Resets the simulation state.

If the optional keyframe string field is empty, the simulation is restored to the state captured at startup (initial joint positions, velocities, and control values).
If a keyframe name is provided, that named keyframe from the MJCF is applied instead.
Returns success and a human-readable message.

# Reset to startup state
ros2 service call /ros2_control_node/reset_world mujoco_ros2_control_msgs/srv/ResetWorld "{}"

# Reset to a named MJCF keyframe
ros2 service call /ros2_control_node/reset_world mujoco_ros2_control_msgs/srv/ResetWorld "{keyframe: 'home'}"

Important

If controllers are active during the service call, the robot may reset to the initial state and then immediately snap back to its previous commanded position. Deactivate any active joint controllers before calling this service.

~/step_simulation (mujoco_ros2_control_msgs/srv/StepSimulation)

Advances the paused simulation by an exact number of physics steps and blocks until all steps have completed.

steps (uint32): number of physics steps to execute. Must be ≥ 1.
Blocks until all requested steps finish, the simulation diverges, or a timeout is reached.
Returns success and a human-readable message.
The simulation must be paused before calling this service. Returns success = false immediately if the simulation is running.
Timeout: whichever is larger — 30 s, or 10 ms × steps.

# Step the simulation forward by 100 physics steps
ros2 service call /ros2_control_node/step_simulation mujoco_ros2_control_msgs/srv/StepSimulation "{steps: 100}"

Debugging

The simulator provides several mechanisms for pausing execution and advancing it in a controlled, step-by-step fashion. This is useful for inspecting robot state, verifying controller output, or reproducing intermittent issues.

Pausing the Simulation

Click the Pause button in the MuJoCo Simulate window (or press Space) to pause the physics loop. When paused, the simulation clock stops advancing and no physics steps are executed until explicitly requested.

Single-Stepping via the Keyboard

While the simulation window is focused and the simulation is paused, press the right arrow key (→) to advance the simulation by exactly one physics step. Holding the key down advances the simulation continuously one step at a time, allowing slow frame-by-frame inspection.

The status overlay in the top-right corner of the simulation window shows the current state (Running / Paused) and the total number of physics steps executed.

Single-Stepping via ROS 2 Service

The ~/step_simulation service allows programmatic step-by-step control from the command line or from test/debug scripts.

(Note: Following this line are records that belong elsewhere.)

(* Let $\kappa$ be an uncountable cardinal, let $X$ be a set of cardinality at least $\kappa$, let $\Gamma$ be the group of all permutations of $X$ acting by application, and let $I_\kappa$ be the ideal of subsets of $X$ of cardinality less than $\kappa$. Then $\Gamma\curvearrowright X, I_\kappa$ has cofinal orbits if and only if $\kappa$ is a successor cardinal.
   Context: For a group $\Gamma$ acting on $X$ and a $\Gamma$-invariant ideal $I$ on $X$ containing all singletons, and $a\subseteq X$, $\mathrm{pstab}(a)=\{\gamma\in\Gamma:\gamma\cdot x=x\ \forall x\in a\}$. For $a,b\in I$, $b$ is $a$-large if for every $c\in I$ there is $\gamma\in\mathrm{pstab}(a)$ with $c\subseteq\gamma\cdot b$, where $\gamma\cdot b=\{\gamma\cdot x:x\in b\}$. The dynamical ideal has cofinal orbits if for every $a\in I$ there is an $a$-large $b\in I$. *)

theory Defs
  imports Main "HOL-Combinatorics.Permutations"
begin

definition pstab :: "('a \<Rightarrow> 'a) set \<Rightarrow> 'a set \<Rightarrow> ('a \<Rightarrow> 'a) set" where
  "pstab G a = {g \<in> G. \<forall>x\<in>a. g x = x}"

definition is_large :: "('a \<Rightarrow> 'a) set \<Rightarrow> 'a set set \<Rightarrow> 'a set \<Rightarrow> 'a set \<Rightarrow> bool" where
  "is_large G I a b \<longleftrightarrow> (\<forall>c\<in>I. \<exists>g\<in>pstab G a. c \<subseteq> g ` b)"

definition cofinal_orbits :: "('a \<Rightarrow> 'a) set \<Rightarrow> 'a set set \<Rightarrow> bool" where
  "cofinal_orbits G I \<longleftrightarrow> (\<forall>a\<in>I. \<exists>b\<in>I. is_large G I a b)"

definition successor_cardinal :: "'k rel \<Rightarrow> bool" where
  "successor_cardinal r \<longleftrightarrow> (\<exists>\<mu> :: 'k rel. Card_order \<mu> \<and> (r, cardSuc \<mu>) \<in> ordIso)"

end

theory Submission
  imports Defs
begin

text \<open>If \<open>\<kappa> = \<mu>\<^sup>+\<close>, the ideal consists of the sets of size at most \<open>\<mu>\<close>. Given such an \<open>a\<close>,
  the complement \<open>X - a\<close> still has size above \<open>\<mu>\<close>, so it contains a set \<open>d\<close> of size \<open>\<mu>\<close>, and
  \<open>b = a \<union> d\<close> is \<open>a\<close>-large: for small \<open>c\<close>, the sets \<open>d\<close> and \<open>d \<union> (c - a)\<close> have size \<open>\<mu>\<close> and
  co-size \<open>|X - a|\<close> in \<open>X - a\<close>, so a permutation of \<open>X - a\<close> maps the one onto the other.
  If \<open>\<kappa>\<close> is a limit cardinal, then for every \<open>b\<close> in the ideal the successor of \<open>|b|\<close> is still
  below \<open>\<kappa>\<close>, and a subset of \<open>X\<close> of that size is in the ideal but fits into no image of \<open>b\<close>.\<close>

unbundle cardinal_syntax

lemma infinite_Field_if_natLeq_ordLess:
  assumes "Card_order r" "natLeq <o r"
  shows "infinite (Field r)"
proof
  assume "finite (Field r)"
  then have "|Field r| <o natLeq" by (simp add: finite_iff_ordLess_natLeq)
  then have "r <o natLeq"
    using card_of_Field_ordIso[OF assms(1)] ordIso_ordLess_trans ordIso_symmetric by blast
  then show False using assms(2) not_ordLess_ordIso ordLess_imp_ordLeq not_ordLess_ordLeq by blast
qed

lemma ex_subset_card_of_ordIso:
  assumes "Card_order r" "r \<le>o |X|"
  shows "\<exists>c\<subseteq>X. |c| =o r"
proof -
  have "|Field r| \<le>o |X|"
    using card_of_Field_ordIso[OF assms(1)] assms(2) by (rule ordIso_ordLeq_trans)
  then obtain c where "c \<subseteq> X" "|Field r| =o |c|"
    using internalize_card_of_ordLeq2[THEN iffD1] by blast
  moreover have "|c| =o r"
    using ordIso_symmetric[OF calculation(2)] card_of_Field_ordIso[OF assms(1)]
    by (rule ordIso_transitive)
  ultimately show ?thesis by blast
qed

lemma card_of_Diff_ordIso:
  assumes "infinite Y" "|e| <o |Y|"
  shows "|Y - e| =o |Y|"
proof -
  have "|Y - e| \<le>o |Y|" by (rule card_of_mono1) auto
  moreover have "|Y| \<le>o |Y - e|"
  proof (rule ccontr)
    assume "\<not> |Y| \<le>o |Y - e|"
    then have "|Y - e| <o |Y|"
      using ordLess_or_ordLeq[OF card_of_Well_order card_of_Well_order] by blast
    then have "|(Y - e) \<union> e| <o |Y|"
      using card_of_Un_ordLess_infinite[OF assms(1)] assms(2) by blast
    moreover have "|Y| \<le>o |(Y - e) \<union> e|" by (rule card_of_mono1) auto
    ultimately show False using not_ordLess_ordLeq by blast
  qed
  ultimately show ?thesis by (simp add: ordIso_iff_ordLeq)
qed

lemma ex_permutes_image_eq:
  assumes "d \<subseteq> Y" "e \<subseteq> Y" "|d| =o |e|" "|Y - d| =o |Y - e|"
  shows "\<exists>g. g permutes Y \<and> g ` d = e"
proof -
  obtain f1 where f1: "bij_betw f1 d e" using assms(3) card_of_ordIso by blast
  obtain f2 where f2: "bij_betw f2 (Y - d) (Y - e)" using assms(4) card_of_ordIso by blast
  define g where "g x = (if x \<in> d then f1 x else if x \<in> Y then f2 x else x)" for x
  have g_d: "bij_betw g d e"
    using f1 by (rule bij_betw_cong[THEN iffD1, rotated]) (simp add: g_def)
  have "bij_betw g (Y - d) (Y - e)"
    using f2 by (rule bij_betw_cong[THEN iffD1, rotated]) (simp add: g_def)
  then have "bij_betw g (d \<union> (Y - d)) (e \<union> (Y - e))"
    by (rule bij_betw_combine[OF g_d]) auto
  then have "bij_betw g Y Y" using assms(1,2) by (simp add: Un_Diff_cancel Un_absorb1)
  moreover have "\<And>x. x \<notin> Y \<Longrightarrow> g x = x" using assms(1) by (auto simp: g_def)
  ultimately have "g permutes Y" by (rule bij_imp_permutes)
  with g_d show ?thesis by (auto simp: bij_betw_def)
qed

lemma not_is_large_if_not_successor_cardinal:
  fixes r :: "'k rel" and X :: "'a set"
  assumes "Card_order r" "\<not> successor_cardinal r" "r \<le>o |X|" "|b| <o r"
  shows "\<not> is_large G {c. c \<subseteq> X \<and> |c| <o r} a b"
proof
  assume large: "is_large G {c. c \<subseteq> X \<and> |c| <o r} a b"
  obtain B where B: "B \<subseteq> Field r" "|b| =o |B|"
    using internalize_card_of_ordLeq[THEN iffD1, OF ordLess_imp_ordLeq[OF assms(4)]] by blast
  have "|B| <o r" using ordIso_symmetric[OF B(2)] assms(4) by (rule ordIso_ordLess_trans)
  then have "cardSuc |B| \<le>o r" by (rule cardSuc_least[OF card_of_Card_order assms(1)])
  moreover have "\<not> r =o cardSuc |B|"
    using assms(2) card_of_Card_order unfolding successor_cardinal_def by blast
  ultimately have suc_less: "cardSuc |B| <o r"
    using ordIso_symmetric ordLeq_iff_ordLess_or_ordIso by blast
  obtain c where c: "c \<subseteq> X" "|c| =o cardSuc |B|"
    using ex_subset_card_of_ordIso[OF cardSuc_Card_order[OF card_of_Card_order]]
      ordLeq_transitive[OF ordLess_imp_ordLeq[OF suc_less] assms(3)] by blast
  have "|c| <o r" using c(2) suc_less by (rule ordIso_ordLess_trans)
  with large c(1) obtain g where "c \<subseteq> g ` b" unfolding is_large_def by blast
  then have "|c| \<le>o |b|" by (rule ordLeq_transitive[OF card_of_mono1 card_of_image])
  then have "|c| \<le>o |B|" using B(2) by (rule ordLeq_ordIso_trans)
  then have "|c| <o cardSuc |B|"
    using cardSuc_greater[OF card_of_Card_order] by (rule ordLeq_ordLess_trans)
  then show False using c(2) not_ordLess_ordIso by blast
qed

lemma ordLess_card_of_Diff:
  assumes "Card_order \<mu>" "infinite (Field \<mu>)" "|a| \<le>o \<mu>" "\<mu> <o |X|"
  shows "\<mu> <o |X - a|"
proof (rule ccontr)
  assume "\<not> \<mu> <o |X - a|"
  then have "|X - a| \<le>o \<mu>"
    using ordLess_or_ordLeq[OF card_order_on_well_order_on[OF assms(1)] card_of_Well_order] by blast
  then have "|a \<union> (X - a)| \<le>o \<mu>"
    by (rule card_of_Un_ordLeq_infinite_Field[OF assms(2) assms(3) _ assms(1)])
  then have "|X| \<le>o \<mu>" using card_of_mono1[of X "a \<union> (X - a)"] ordLeq_transitive by blast
  then show False using assms(4) not_ordLess_ordLeq by blast
qed

lemma ex_permutes_fixing_covering:
  assumes "Card_order \<mu>" "infinite (Field \<mu>)" "d \<subseteq> X - a" "|d| =o \<mu>" "\<mu> <o |X - a|"
    "c \<subseteq> X" "|c| \<le>o \<mu>"
  shows "\<exists>g. g permutes X \<and> (\<forall>x\<in>a. g x = x) \<and> c \<subseteq> g ` (a \<union> d)"
proof -
  define Y where "Y = X - a"
  define e where "e = (c - a) \<union> d"
  have d_le: "|d| \<le>o \<mu>" using assms(4) ordIso_iff_ordLeq by blast
  have "|c - a| \<le>o \<mu>" using card_of_mono1[of "c - a" c] assms(7) ordLeq_transitive by blast
  then have e_le: "|e| \<le>o \<mu>"
    unfolding e_def by (rule card_of_Un_ordLeq_infinite_Field[OF assms(2) _ d_le assms(1)])
  have "|d| =o |e|"
  proof -
    have "|d| \<le>o |e|" by (rule card_of_mono1) (auto simp: e_def)
    moreover have "|e| \<le>o |d|" using e_le ordIso_symmetric[OF assms(4)] by (rule ordLeq_ordIso_trans)
    ultimately show ?thesis by (simp add: ordIso_iff_ordLeq)
  qed
  moreover have "|Y - d| =o |Y - e|"
  proof -
    have "|Field \<mu>| \<le>o |Y|"
      using card_of_Field_ordIso[OF assms(1)] ordLess_imp_ordLeq[OF assms(5)] unfolding Y_def
      by (rule ordIso_ordLeq_trans)
    then have Y_inf: "infinite Y" using assms(2) card_of_ordLeq_finite by blast
    have "|Y - d| =o |Y|"
      using card_of_Diff_ordIso[OF Y_inf ordLeq_ordLess_trans[OF d_le assms(5)[folded Y_def]]] .
    moreover have "|Y - e| =o |Y|"
      using card_of_Diff_ordIso[OF Y_inf ordLeq_ordLess_trans[OF e_le assms(5)[folded Y_def]]] .
    ultimately show ?thesis by (rule ordIso_transitive[OF _ ordIso_symmetric])
  qed
  moreover have "d \<subseteq> Y" "e \<subseteq> Y" using assms(3,6) unfolding Y_def e_def by auto
  ultimately obtain g where g: "g permutes Y" "g ` d = e"
    using ex_permutes_image_eq by blast
  have "g permutes X" using g(1) permutes_subset unfolding Y_def by blast
  moreover have fix_a: "\<forall>x\<in>a. g x = x" using g(1) permutes_not_in unfolding Y_def by fastforce
  moreover have "c \<subseteq> g ` (a \<union> d)"
  proof -
    have "g ` a = a" using fix_a by simp
    then show ?thesis using g(2) unfolding e_def image_Un by blast
  qed
  ultimately show ?thesis by blast
qed

lemma card_of_ordLess_iff_ordLeq_if_ordIso_cardSuc:
  assumes "Card_order \<mu>" "r =o cardSuc \<mu>"
  shows "|A| <o r \<longleftrightarrow> |A| \<le>o \<mu>"
proof -
  have "|A| <o r \<longleftrightarrow> |A| <o cardSuc \<mu>"
    using ordLess_ordIso_trans[OF _ assms(2)] ordLess_ordIso_trans[OF _ ordIso_symmetric[OF assms(2)]]
    by blast
  also have "\<dots> \<longleftrightarrow> |A| \<le>o \<mu>" by (rule cardSuc_ordLeq_ordLess[OF assms(1) card_of_Card_order])
  finally show ?thesis .
qed

theorem cofinal_orbits_permutes_card_ordLeq:
  assumes "Card_order \<mu>" "infinite (Field \<mu>)" "\<mu> <o |X|"
  shows "cofinal_orbits {f. f permutes X} {a. a \<subseteq> X \<and> |a| \<le>o \<mu>}"
    (is "cofinal_orbits ?G ?I")
  unfolding cofinal_orbits_def
proof
  fix a assume "a \<in> ?I"
  then have a: "a \<subseteq> X" "|a| \<le>o \<mu>" by auto
  have Diff_big: "\<mu> <o |X - a|" by (rule ordLess_card_of_Diff[OF assms(1,2) a(2) assms(3)])
  then obtain d where d: "d \<subseteq> X - a" "|d| =o \<mu>"
    using ex_subset_card_of_ordIso[OF assms(1) ordLess_imp_ordLeq] by blast
  have "|a \<union> d| \<le>o \<mu>"
    using card_of_Un_ordLeq_infinite_Field[OF assms(2) a(2) _ assms(1)] d(2) ordIso_iff_ordLeq
    by blast
  moreover have "is_large ?G ?I a (a \<union> d)"
    unfolding is_large_def pstab_def
    using ex_permutes_fixing_covering[OF assms(1,2) d Diff_big] by blast
  ultimately show "\<exists>b\<in>?I. is_large ?G ?I a b"
    using a(1) d(1) by blast
qed

theorem mainTheorem6:
  fixes r :: "'k rel" and X :: "'a set"
  assumes "Card_order r"
    and "(natLeq, r) \<in> ordLess"
    and "(r, card_of X) \<in> ordLeq"
  shows "cofinal_orbits {f. f permutes X} {a. a \<subseteq> X \<and> (card_of a, r) \<in> ordLess}
         \<longleftrightarrow> successor_cardinal r"
proof
  assume cofinal: "cofinal_orbits {f. f permutes X} {a. a \<subseteq> X \<and> (card_of a, r) \<in> ordLess}"
  have "|{} :: 'a set| <o r"
    by (rule finite_ordLess_infinite[OF card_of_Well_order card_order_on_well_order_on[OF assms(1)]])
      (simp_all add: Field_card_of infinite_Field_if_natLeq_ordLess[OF assms(1,2)])
  with cofinal obtain b where b: "|b| <o r"
    and large: "is_large {f. f permutes X} {a. a \<subseteq> X \<and> |a| <o r} {} b"
    unfolding cofinal_orbits_def by blast
  show "successor_cardinal r"
    using not_is_large_if_not_successor_cardinal[OF assms(1) _ assms(3) b] large by blast
next
  assume "successor_cardinal r"
  then obtain \<mu> :: "'k rel" where \<mu>: "Card_order \<mu>" "r =o cardSuc \<mu>"
    unfolding successor_cardinal_def by blast
  have "natLeq <o cardSuc \<mu>" by (rule ordLess_ordIso_trans[OF assms(2) \<mu>(2)])
  then have "infinite (Field (cardSuc \<mu>))"
    by (rule infinite_Field_if_natLeq_ordLess[OF cardSuc_Card_order[OF \<mu>(1)]])
  then have "infinite (Field \<mu>)" by (simp add: cardSuc_finite[OF \<mu>(1)])
  moreover have "\<mu> <o |X|"
    using ordLess_ordIso_trans[OF cardSuc_greater[OF \<mu>(1)] ordIso_symmetric[OF \<mu>(2)]] assms(3)
    by (rule ordLess_ordLeq_trans)
  ultimately show "cofinal_orbits {f. f permutes X} {a. a \<subseteq> X \<and> (card_of a, r) \<in> ordLess}"
    using cofinal_orbits_permutes_card_ordLeq[OF \<mu>(1)]
    by (simp add: card_of_ordLess_iff_ordLeq_if_ordIso_cardSuc[OF \<mu>])
qed

end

This is particularly useful for automated testing scenarios where a reproducible sequence of physics steps is needed.

# Pause the simulation first (from the UI or via the set_pause service), then:

# Advance by a single physics step
ros2 service call /ros2_control_node/step_simulation mujoco_ros2_control_msgs/srv/StepSimulation "{steps: 1}"

# Advance by 500 steps (blocks until complete)
ros2 service call /ros2_control_node/step_simulation mujoco_ros2_control_msgs/srv/StepSimulation "{steps: 500}"

The service call blocks until all requested steps have been executed, the simulation diverges, or a timeout is reached. This makes it safe to pipeline service calls sequentially without additional synchronisation (send a command → step N times → read state → repeat).

Note

~/step_simulation requires the simulation to be paused. Calling it while the simulation is running returns success: false immediately without executing any steps.